((
(* Let $r\ge 3$ be an integer, let $\varphi$ be an instance of Exact $r$-SAT, and let $G(\varphi)$ be the graph constructed from $\varphi$ as described in the context. If $\varphi$ is satisfiable, then $\mathrm{wcol}_r(G(\varphi)) \leq 2r-1$.
   Context: Exact $r$-SAT: given a CNF formula $\varphi$ with clauses $c_1,\dots,c_m$ over variables $x_1,\dots,x_n$ such that each clause contains exactly $r$ different variables, decide whether $\varphi$ is satisfiable. An $\ell$-subdivided edge between $a$ and $b$ is an induced path with $\ell$ internal vertices (subdivision vertices) joining $a$ and $b$, whose internal vertices have no other neighbors. Construction of $G(\varphi)$: for each clause $c_i$ create $2r$ vertices $u_i^1,\dots,u_i^{2r}$. For each variable $x_j$ create two vertices $v_j,v'_j$ (for the literals $x_j$ and $\overline{x}_j$) joined by an edge. For each clause $c_i$ containing literal $x_j$, add two $(r-2)$-subdivided edges from $v_j$ to each of $u_i^1,\dots,u_i^{2r}$; for each clause $c_i$ containing $\overline{x}_j$, add two $(r-2)$-subdivided edges from $v'_j$ to each of $u_i^1,\dots,u_i^{2r}$. Weak coloring numbers: for a graph $G=(V,E)$ and a total order $\sigma$ of $V$, a vertex $v\neq u$ is weakly $r$-reachable from $u$ if $u <_\sigma v$ and there is a $u$–$v$ path $P$ of length at most $r$ all of whose vertices other than $u,v$ precede $v$ in $\sigma$; $\mathrm{wreach}_r(u,G_\sigma)$ is the set of such $v$, and $\mathrm{wcol}_r(G)=\min_\sigma\max_u|\mathrm{wreach}_r(u,G_\sigma)|$ over all total orders $\sigma$ of $V$. *)

theory Defs
  imports Main
begin

text \<open>A literal is a pair (j, b): variable index j with polarity b
  (b = True for x_j, b = False for the negation of x_j).\<close>

type_synonym literal = "nat \<times> bool"
type_synonym clause = "literal set"

definition exact_rSAT_instance :: "nat \<Rightarrow> nat \<Rightarrow> clause list \<Rightarrow> bool" where
  "exact_rSAT_instance r n cls \<longleftrightarrow>
     (\<forall>C \<in> set cls. card C = r \<and> card (fst ` C) = r \<and> fst ` C \<subseteq> {..<n})"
))
== Directions ==
Please give back, exactly as it stands above, the stretch from the line with "text \<open>A literal" through the line with "nat \<Rightarrow> clause", and no line outside it.

== Completed exercise ==
text \<open>A literal is a pair (j, b): variable index j with polarity b
  (b = True for x_j, b = False for the negation of x_j).\<close>

type_synonym literal = "nat \<times> bool"
type_synonym clause = "literal set"

definition exact_rSAT_instance :: "nat \<Rightarrow> nat \<Rightarrow> clause list \<Rightarrow> bool" where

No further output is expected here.